JAKARTA, KOMPAS - Praktik jual beli jabatan di lingkungan pemerintahan, baik pusat maupuan daerah, terjadi secara masif. Praktik ini merajalela diduga karena lemahnya faktor pengawasan dalam pengisian jabatan.
Mengacu pada hasil penelitian Komisi Aparatur Sipil Negara (KASN) yang dilakukan sepanjang 2019 di seluruh provinsi, kabupaten, dan kota, transaksi dalam pengisian jabatan di lingkungan pemerintah kabupaten/kota mencapai 95 persen. Pemerintah provinsi menempati posisi kedua dalam hal ini, yakni 89,5 persen.
Sementara jual beli jabatan di lembaga sebesar 49 persen, dan di level kementerian 39,5 persen. Sebagian pengisian jabatan pimpinan tinggi, administratur, dan pengawas tidak dilaksanakan dengan sistem merit.
Kondisi ini sesuai dengan laporan yang diterima Komisi Pemberantasan Korupsi. Wakil Ketua KPK Alexander Marwata, Rabu (31/7/2019), di Jakarta, mengungkapkan, pihaknya menerima banyak laporan masyarakat terkait jual beli jabatan. Sejumlah perkara jual beli jabatan yang ditangani lembaga ini merupakan tindak lanjut dari pengaduan masyarakat.
Pengawasan
Ketua KASN Sofian Effendi mengakui bahwa praktik jual beli jabatan yang terjadi di daerah berada dalam level yang belum bisa dikendalikan. KASN sulit mengawasi karena keterbatasan sumber daya. ”Pengawasan efektif memang baru terlaksana di tingkat pusat,” ujarnya.

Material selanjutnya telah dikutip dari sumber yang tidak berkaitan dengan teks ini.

lemma regret_le_power:
  assumes bias: "bias_function f fz \<zeta>" and D: "d \<le> D" "0 < D" and Q: "1 \<le> Q"
    and M: "1 \<le> M" "ln x / (D * ln (1 / \<rho>)) \<le> M"
    and x: "real (Lambda_tilde K \<Lambda>) = x" "Q * M \<le> x"
    and levels: "\<And>H :: nat. real H \<le> M \<Longrightarrow> \<exists>j :: nat.
        4 * C * exp (real j) \<le> Q * exp (ln (1 / \<rho>) * real H * (D - d)) \<and>
        \<zeta> (zc (exp (real j))) \<le> \<nu> * \<rho> ^ H"
  shows "kometo_regret K fz zc xr f \<Lambda> \<le> 3 * \<nu> * exp (ln (1 / \<rho>)) * (Q * M / x) powr (1 / D) + 2 * \<zeta> (zc x)"
proof -
  define H where "H = nat \<lfloor>ln (x / (Q * M)) / (D * ln (1 / \<rho>))\<rfloor>"
  have \<nu>: "0 < \<nu>" and \<rho>: "0 < \<rho>" "\<rho> < 1" and C: "1 < C" and d: "0 \<le> d"
    using par by (auto simp: params_ok_def)
  have HM: "real H \<le> M" and depth: "exp (ln (1 / \<rho>) * real H * D) \<le> x / (Q * M)"
    and \<rho>H: "\<rho> ^ H \<le> exp (ln (1 / \<rho>)) * (Q * M / x) powr (1 / D)"
    using depth_choice[OF \<rho> D(2) Q M x(2)] unfolding H_def by auto
  obtain j where j: "4 * C * exp (real j) \<le> Q * exp (ln (1 / \<rho>) * real H * (D - d))"
    and small_bias: "\<zeta> (zc (exp (real j))) \<le> \<nu> * \<rho> ^ H"
    using levels[OF HM] by blast
  have budget: "4 * C * real H * exp (real j) * \<rho> powr (- d * real H) \<le> real (Lambda_tilde K \<Lambda>)"
    and ej: "exp (real j) \<le> real (Lambda_tilde K \<Lambda>)"
    using depth_budget_fits[OF \<rho> d D(1) C Q M(1) HM depth j] x(1) by auto
  then have Lt: "1 \<le> Lambda_tilde K \<Lambda>" using one_le_exp_iff[of "real j"] by linarith
  have "kometo_regret K fz zc xr f \<Lambda> \<le> 3 * \<nu> * \<rho> ^ H + 2 * \<zeta> (zc x)"
    using kometo_regret_le[OF part par fS fid bias Lt ej small_bias budget] x by simp
  also have "3 * \<nu> * \<rho> ^ H \<le> 3 * \<nu> * (exp (ln (1 / \<rho>)) * (Q * M / x) powr (1 / D))"
    using \<rho>H \<nu> by (intro mult_left_mono) auto
  finally show ?thesis by (simp add: mult.assoc)
qed
text \<open>The coefficients on mixed words of length n all equal this one, and the coefficient sum
  over {0,1} is 2^n - 2 times it; characteristic zero is used here.\<close>
lemma merge_invariant_mixed_eq_0:
  assumes H: "H \<in> lie 2" "merge_invariant H" and n: "n \<ge> 3"
  shows "H (bit_word n {0}) = 0"
proof -
  define e where "e = H (bit_word n {0})"
  define A where "A = words_over {0,1} n"
  define C where "C = {replicate n (0::nat), replicate n 1}"
  have A: "finite A" "card A = 2 ^ n"
    unfolding A_def words_over_def
    by (rule finite_lists_length_eq, simp) (simp add: card_lists_length_eq numeral_2_eq_2)
  have C: "C \<subseteq> A" "card C = 2" using n by (auto simp: C_def A_def words_over_def)
  have "0 = coeff_sum {0,1} n H" using lie_coeff_sum[OF H(1), of "{0,1}" n] n by simp
  also have "\<dots> = sum H (A - C) + sum H C"
    unfolding coeff_sum_def A_def[symmetric] by (rule sum.subset_diff[OF C(1) A(1)])
  also have "sum H C = 0"
    unfolding C_def by (rule sum.neutral) (use lie_coeff_replicate[OF H(1)] n in auto)
  also have "sum H (A - C) = sum (\<lambda>_. e) (A - C)"
  proof (rule sum.cong[OF refl])
    fix x assume x: "x \<in> A - C"
    then have x01: "set x \<subseteq> {0,1}" and lx: "length x = n" by (auto simp: A_def words_over_def)
    have "0 \<in> set x"
    proof (rule ccontr)
      assume "0 \<notin> set x"
      then have "x = replicate n 1" by (intro replicate_eqI) (use x01 lx in auto)
      then show False using x by (auto simp: C_def)
    qed
    moreover have "1 \<in> set x"
    proof (rule ccontr)
      assume "1 \<notin> set x"
      then have "x = replicate n 0" by (intro replicate_eqI) (use x01 lx in auto)
      then show False using x by (auto simp: C_def)
    qed
    ultimately show "H x = e" using merge_invariant_mixed_const[OF H(2) x01] lx n by (simp add: e_def)
  qed
  also have "\<dots> = of_nat (2 ^ n - 2) * e"
    using A C card_Diff_subset[OF finite_subset[OF C(1) A(1)] C(1)] by simp
  finally have "of_nat (2 ^ n - 2) * e = 0" by simp
  moreover have "(2::nat) ^ n - 2 \<noteq> 0"
    using power_increasing[of 2 n "2::nat"] n by simp
  ultimately show ?thesis unfolding e_def by (metis mult_eq_0_iff of_nat_eq_0_iff)
qed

Menurut Sofian, akar masalah jual beli jabatan ada pada Pasal 53 Undang-Undang Nomor 5 Tahun 2014 tentang Aparatur Sipil Negara. Pasal tersebut memberikan wewenang kepada pejabat politik di setiap instansi untuk menjadi pejabat pembina kepegawaian (PPK). Adapun PPK berwenang penuh atas penetapan, pengangkatan, pemindahan, dan pemberhentian ASN.

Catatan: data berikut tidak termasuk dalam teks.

lemma slater_degenerate_multipliers_vanish:
  fixes g :: "'a::euclidean_space \<Rightarrow> real ^ 'j" and T :: "'a \<Rightarrow> 'b::euclidean_space"
  assumes T: "linear T" "surj T"
    and slater: "u0 \<in> interior C" "\<forall>j. g u0 $ j < 0" "T u0 = c"
    and \<mu>: "\<forall>j. 0 \<le> \<mu> $ j"
    and nonneg: "\<And>u. u \<in> C \<Longrightarrow> 0 \<le> \<mu> \<bullet> g u + \<nu> \<bullet> (T u - c)"
  shows "\<mu> = 0" and "\<nu> = 0"
proof -
  have "0 \<le> \<mu> \<bullet> g u0"
    using nonneg[of u0] slater interior_subset by force
  then have "(\<Sum>j\<in>UNIV. - (\<mu> $ j * g u0 $ j)) = 0"
    using \<mu> slater(2) by (intro antisym sum_nonneg)
      (auto simp: inner_vec_def sum_negf mult_nonneg_nonpos less_imp_le)
  then have "\<mu> $ j * g u0 $ j = 0" for j
    using \<mu> slater(2) by (subst (asm) sum_nonneg_eq_0_iff) (auto simp: mult_nonneg_nonpos less_imp_le)
  then show "\<mu> = 0"
    using slater(2) by (simp add: vec_eq_iff) (metis less_irrefl)
  obtain v where v: "T v = \<nu>"
    using T(2) by (metis surjD)
  obtain e where "0 < e" "ball u0 e \<subseteq> C"
    using slater(1) mem_interior by blast
  have "0 < norm v + 1"
    using norm_ge_zero[of v] by linarith
  define \<delta> where "\<delta> = e / 2 / (norm v + 1)"
  have "0 < \<delta>"
    unfolding \<delta>_def using \<open>0 < e\<close> \<open>0 < norm v + 1\<close> by (intro divide_pos_pos) auto
  have "\<delta> * (norm v + 1) = e / 2"
    unfolding \<delta>_def using \<open>0 < norm v + 1\<close> by (simp add: divide_eq_eq)
  then have "\<delta> * norm v < e"
    using \<open>0 < \<delta>\<close> \<open>0 < e\<close> by (simp add: distrib_left)
  then have "u0 - \<delta> *\<^sub>R v \<in> C"
    using \<open>ball u0 e \<subseteq> C\<close> \<open>0 < \<delta>\<close> by (auto simp: dist_norm)
  then have "0 \<le> \<nu> \<bullet> (T (u0 - \<delta> *\<^sub>R v) - c)"
    using nonneg \<open>\<mu> = 0\<close> by force
  also have "\<dots> = - \<delta> * (\<nu> \<bullet> \<nu>)"
    using slater(3) v by (simp add: linear_diff[OF T(1)] linear_scale[OF T(1)])
  finally show "\<nu> = 0"
    using \<open>0 < \<delta>\<close> by (simp add: mult_le_0_iff) (metis inner_gt_zero_iff not_le)
qed
(* Let $\mathbb{F}$ be a field and let $(\mathbb{F}(\alpha,\beta),\sigma)$ be a bivariate difference field extension of $\mathbb{F}$ with $\sigma|_{\mathbb{F}}=\mathrm{id}$, $\sigma(\alpha)=\beta$, $\sigma(\beta)=u\alpha+v\beta$ ($u\in\mathbb{F}\setminus\{0\}$, $v\in\mathbb{F}$). Let $A=\begin{pmatrix}0&u\\1&v\end{pmatrix}$ and assume that $A$ has two distinct eigenvalues $\lambda_1\neq\lambda_2$ in $\mathbb{F}$ such that $\lambda_1/\lambda_2$ is not a root of unity. Let $p,q\in\mathbb{F}[\alpha,\beta]$ be nonzero homogeneous polynomials such that $g=\frac{p}{q}$ is semi-invariant. Then there exists an integer $i$ with $-\deg q\le i\le \deg p$ such that $$\frac{\sigma g}{g}=\lambda_1^{\,i}\,\lambda_2^{\,\deg p-\deg q-i}.$$
   Context: A bivariate difference field extension $(\mathbb{F}(\alpha,\beta),\sigma)$ of a difference field $(\mathbb{F},\sigma)$ is the rational function field $\mathbb{F}(\alpha,\beta)$ in two algebraically independent transcendental elements $\alpha,\beta$ over $\mathbb{F}$, together with an automorphism $\sigma$ of $\mathbb{F}(\alpha,\beta)$ extending $\sigma$ on $\mathbb{F}$ and satisfying $\sigma(\alpha)=\beta$, $\sigma(\beta)=u\alpha+v\beta$ with $v\in\mathbb{F}$, $u\in\mathbb{F}\setminus\{0\}$. $\deg$ denotes total degree in $\alpha,\beta$; a polynomial is homogeneous if all its monomials have the same total degree. An element $a\in\mathbb{F}(\alpha,\beta)$ is called semi-invariant if $\sigma a=ca$ for some $c\in\mathbb{F}\setminus\{0\}$. *)

theory Defs
  imports "HOL-Computational_Algebra.Polynomial" "HOL-Computational_Algebra.Fraction_Field"
begin

text \<open>Bivariate polynomials F[alpha,beta] are represented as 'a poly poly:
  the outer variable is beta, the inner variable is alpha, so the coefficient
  of alpha^i beta^j in p is coeff (coeff p j) i.\<close>

definition bconst :: "'a::comm_ring_1 \<Rightarrow> 'a poly poly" where
  "bconst a = [:[:a:]:]"

definition alpha :: "'a::comm_ring_1 poly poly" where
  "alpha = [:[:0, 1:]:]"

definition beta :: "'a::comm_ring_1 poly poly" where
  "beta = [:0, 1:]"

text \<open>The automorphism sigma restricted to F[alpha,beta]: identity on F,
  alpha maps to beta, beta maps to u alpha + v beta.\<close>
definition bsigma :: "'a::comm_ring_1 \<Rightarrow> 'a \<Rightarrow> 'a poly poly \<Rightarrow> 'a poly poly" where
  "bsigma u v p =
     poly (map_poly (\<lambda>c. poly (map_poly bconst c) beta) p)
          (bconst u * alpha + bconst v * beta)"

definition fsigma :: "'a::field \<Rightarrow> 'a \<Rightarrow> 'a poly poly \<Rightarrow> 'a poly poly \<Rightarrow> 'a poly poly fract" where
  "fsigma u v p q = Fract (bsigma u v p) (bsigma u v q)"

definition total_degree :: "'a::zero poly poly \<Rightarrow> nat" where
  "total_degree p = Max ({i + j | i j. coeff (coeff p j) i \<noteq> 0} \<union> {0})"

definition homogeneous :: "'a::zero poly poly \<Rightarrow> bool" where
  "homogeneous p \<longleftrightarrow> (\<forall>i j. coeff (coeff p j) i \<noteq> 0 \<longrightarrow> i + j = total_degree p)"

definition eigenvalue_A :: "'a::field \<Rightarrow> 'a \<Rightarrow> 'a \<Rightarrow> bool" where
  "eigenvalue_A u v l \<longleftrightarrow>
     (\<exists>x1 x2. (x1, x2) \<noteq> (0, 0) \<and> 0 * x1 + u * x2 = l * x1 \<and> 1 * x1 + v * x2 = l * x2)"

definition root_of_unity :: "'a::field \<Rightarrow> bool" where
  "root_of_unity z \<longleftrightarrow> (\<exists>n::nat. n > 0 \<and> z ^ n = 1)"

end

theory Submission
  imports Defs
begin

text \<open>
  Since l1 and l2 are the roots of x^2 = u + v x, in the coordinates alpha = x + y,
  beta = l2 x + l1 y the automorphism sigma acts diagonally: sigma x = l2 x and
  sigma y = l1 y. Dehomogenising at x = 1, y = t sends a homogeneous p of degree d to
  P(t) = p(1 + t, l2 + l1 t), and sigma p to l2^d P(r t) with r = l1 / l2. As 1 + t and
  l2 + l1 t are independent linear forms (l1 \<noteq> l2), P is nonzero of degree at most d.
  Comparing leading coefficients in (sigma p) q = c p (sigma q) then gives
  c = l2^(deg p - deg q) r^(deg P - deg Q), which is the claim with i = deg P - deg Q.
\<close>

lemma map_poly_add:
  assumes "f 0 = 0" "\<And>a b. f (a + b) = f a + f b"
  shows "map_poly f (p + q) = map_poly f p + map_poly f q"
  by (intro poly_eqI) (simp add: coeff_map_poly assms)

”Pejabat politik sekaligus PPK berpotensi menyalahgunakan kekuasaannya untuk kepentingan pribadi,” ujar Sofian.
Untuk menghentikan jual beli jabatan, menurut Sofian, perlu ada revisi UU 5/2014. Jabatan PPK semestinya diampu oleh pejabat karier tertinggi di setiap instansi, yaitu sekretaris jenderal di kementerian/lembaga dan sekretaris daerah di pemerintah provinsi dan pemerintah kabupaten/kota.

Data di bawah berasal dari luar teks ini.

lemma proposals_before_confirm:
  assumes "reach f B \<sigma>" and "q \<notin> B" and "s \<notin> B"
    and "chan \<sigma> (Srv q) (Srv s) = xs @ Confirm c x # ys"
  shows "proposals_below \<sigma> q x \<subseteq> proposed \<sigma> s q \<union> proposals_in xs"
  using assms
proof (induction arbitrary: q s xs c x ys rule: reach.induct)
  case (srv_recv \<sigma> s0 p m ms)
  let ?\<sigma>' = "receive f s0 p m \<sigma>"
  let ?rest = "pop (chan \<sigma>) p (Srv s0) (Srv q) (Srv s)"
  let ?dropped = "if p = Srv q \<and> s0 = s then [m] else []"
  have split_chan: "chan \<sigma> (Srv q) (Srv s) = ?dropped @ ?rest"
    using srv_recv.hyps(3) by auto
  have "(\<exists>ys'. xs @ Confirm c x # ys' = ?rest) \<or> q = s0 \<and> m = Confirm c x \<and> xs = ?rest"
    using chan_handle_cases[of f s0 p m "\<sigma>\<lparr>chan := pop (chan \<sigma>) p (Srv s0)\<rparr>" "Srv q" "Srv s"]
      srv_recv.prems(3) snoc_eq_append_Cons[of ?rest _ xs "Confirm c x" ys]
    by (auto simp: reply_def)
  then consider (earlier) ys' where "xs @ Confirm c x # ys' = ?rest"
    | (appended) "q = s0" "m = Confirm c x" "xs = ?rest"
    by blast
  then show ?case
  proof cases
    case earlier
    have "Confirm c x \<in> set (chan \<sigma> (Srv q) (Srv s))"
      unfolding split_chan earlier[symmetric] by simp
    then have "x \<le> clock \<sigma> q"
      using confirm_sent_le_clock[OF srv_recv.hyps(1) srv_recv.prems(1)] by blast
    then have "proposals_below ?\<sigma>' q x = proposals_below \<sigma> q x"
      using proposals_below_receive[OF srv_recv.hyps(1) srv_recv.prems(1) srv_recv.hyps(3)] by blast
    also have "\<dots> \<subseteq> proposed \<sigma> s q \<union> proposals_in (?dropped @ xs)"
      using srv_recv.IH[OF srv_recv.prems(1,2)] unfolding split_chan earlier[symmetric] by simp
    also have "\<dots> \<subseteq> proposed ?\<sigma>' s q \<union> proposals_in xs"
      by (auto simp: proposals_in_def proposed_handle_iff)
    finally show ?thesis .
  next
    case appended
    then have unchanged: "proposed ?\<sigma>' = proposed \<sigma>"
      by (simp add: Let_def)
    then have "proposals_below ?\<sigma>' q x \<subseteq> proposed \<sigma> q q"
      by (auto simp: proposals_below_def)
    also have "\<dots> \<subseteq> proposed \<sigma> s q \<union> proposals_in (chan \<sigma> (Srv q) (Srv s))"
      using own_proposals_received_or_in_transit[OF srv_recv.hyps(1) srv_recv.prems(1,2)] .
    also have "\<dots> = proposed ?\<sigma>' s q \<union> proposals_in xs"
      unfolding split_chan appended(3)[symmetric] unchanged
      using appended(2) by (auto simp: proposals_in_def)
    finally show ?thesis .
  qed
qed (auto simp: init_state_def proposals_below_def split: if_splits)

lemma witness_caught_up:
  assumes "reach f B \<sigma>" and "q \<notin> B" and "s \<notin> B" and "q \<in> cwit \<sigma> s c"
  shows "\<exists>x. (c, x) \<in> signed \<sigma> \<and> x \<le> clock \<sigma> q \<and> proposals_below \<sigma> q x \<subseteq> proposed \<sigma> s q"
  using assms
proof (induction arbitrary: q s c rule: reach.induct)
  case (srv_recv \<sigma> s0 p m ms)
  let ?\<sigma>' = "receive f s0 p m \<sigma>"
  have preserved: "x \<le> clock ?\<sigma>' q \<and> proposals_below ?\<sigma>' q x \<subseteq> proposed ?\<sigma>' s q"
    if "x \<le> clock \<sigma> q" and "proposals_below \<sigma> q x \<subseteq> proposed \<sigma> s q" for x
    using order.trans[OF that(1) clock_receive_mono] that(2)
      proposals_below_receive[OF srv_recv.hyps(1) srv_recv.prems(1) srv_recv.hyps(3) that(1)]
    by (auto simp: proposed_handle_iff)
  consider "q \<in> cwit \<sigma> s c" | t where "s = s0" "p = Srv q" "m = Confirm c t"
    using cwit_handleD[OF srv_recv.prems(3)] by auto
  then show ?case
  proof cases
    case 1
    then obtain x where "(c, x) \<in> signed \<sigma>" "x \<le> clock \<sigma> q" "proposals_below \<sigma> q x \<subseteq> proposed \<sigma> s q"
      using srv_recv.IH srv_recv.prems(1,2) by blast
    then show ?thesis
      using preserved by auto
  next
    case (2 t)
    then have head: "chan \<sigma> (Srv q) (Srv s) = [] @ Confirm c t # ms"
      using srv_recv.hyps(3) by simp
    then have sent: "Confirm c t \<in> set (chan \<sigma> (Srv q) (Srv s))"
      by simp
    have "(c, t) \<in> signed \<sigma>" and "t \<le> clock \<sigma> q" and "proposals_below \<sigma> q t \<subseteq> proposed \<sigma> s q"
      using confirm_sent_signed[OF srv_recv.hyps(1) sent]
        confirm_sent_le_clock[OF srv_recv.hyps(1) srv_recv.prems(1) sent]
        proposals_before_confirm[OF srv_recv.hyps(1) srv_recv.prems(1,2) head]
      by (simp_all add: proposals_in_def)
    then show ?thesis
      using preserved by auto
  qed
next
  case (cli_confirm \<sigma> c')
  have "q \<in> cwit \<sigma> s c"
    using cli_confirm.prems(3) by simp
  then obtain x where "(c, x) \<in> signed \<sigma>" "x \<le> clock \<sigma> q" "proposals_below \<sigma> q x \<subseteq> proposed \<sigma> s q"
    using cli_confirm.IH[OF cli_confirm.prems(1,2)] by blast
  then show ?case
    by (intro exI[of _ x]) (simp add: proposals_below_def)
qed (auto simp: init_state_def proposals_below_def)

Berbeda dengan Sofian, Marwata menuding minimnya pengawasan terhadap pemda sebagai faktor penyebab maraknya praktik jual beli jabatan. Kondisi ini dipengaruhi salah satunya oleh kuantitas dan kualitas Aparatur Pengawasan Intern Pemerintah.
”Solusinya selalu ada. Yang terpenting adalah pengawasan melalui inspektorat. Saat ini, saya berpendapat inspektorat itu nyaris tidak ada fungsinya,” kata Marwata.
Sementara itu, Kepala Biro Hukum, Komunikasi, dan Informasi Publik Kementerian Pendayagunaan Aparatur Negara dan Reformasi Birokrasi Mudzakir menilai, perlu ada kajian mendalam untuk mengetahui penyebab jual beli jabatan. Sebab, UU ASN sudah menutup celah itu. ”Jika praktik jual beli jabatan masih ada, aparat penegak hukum terkait harus menindak,” ujarnya.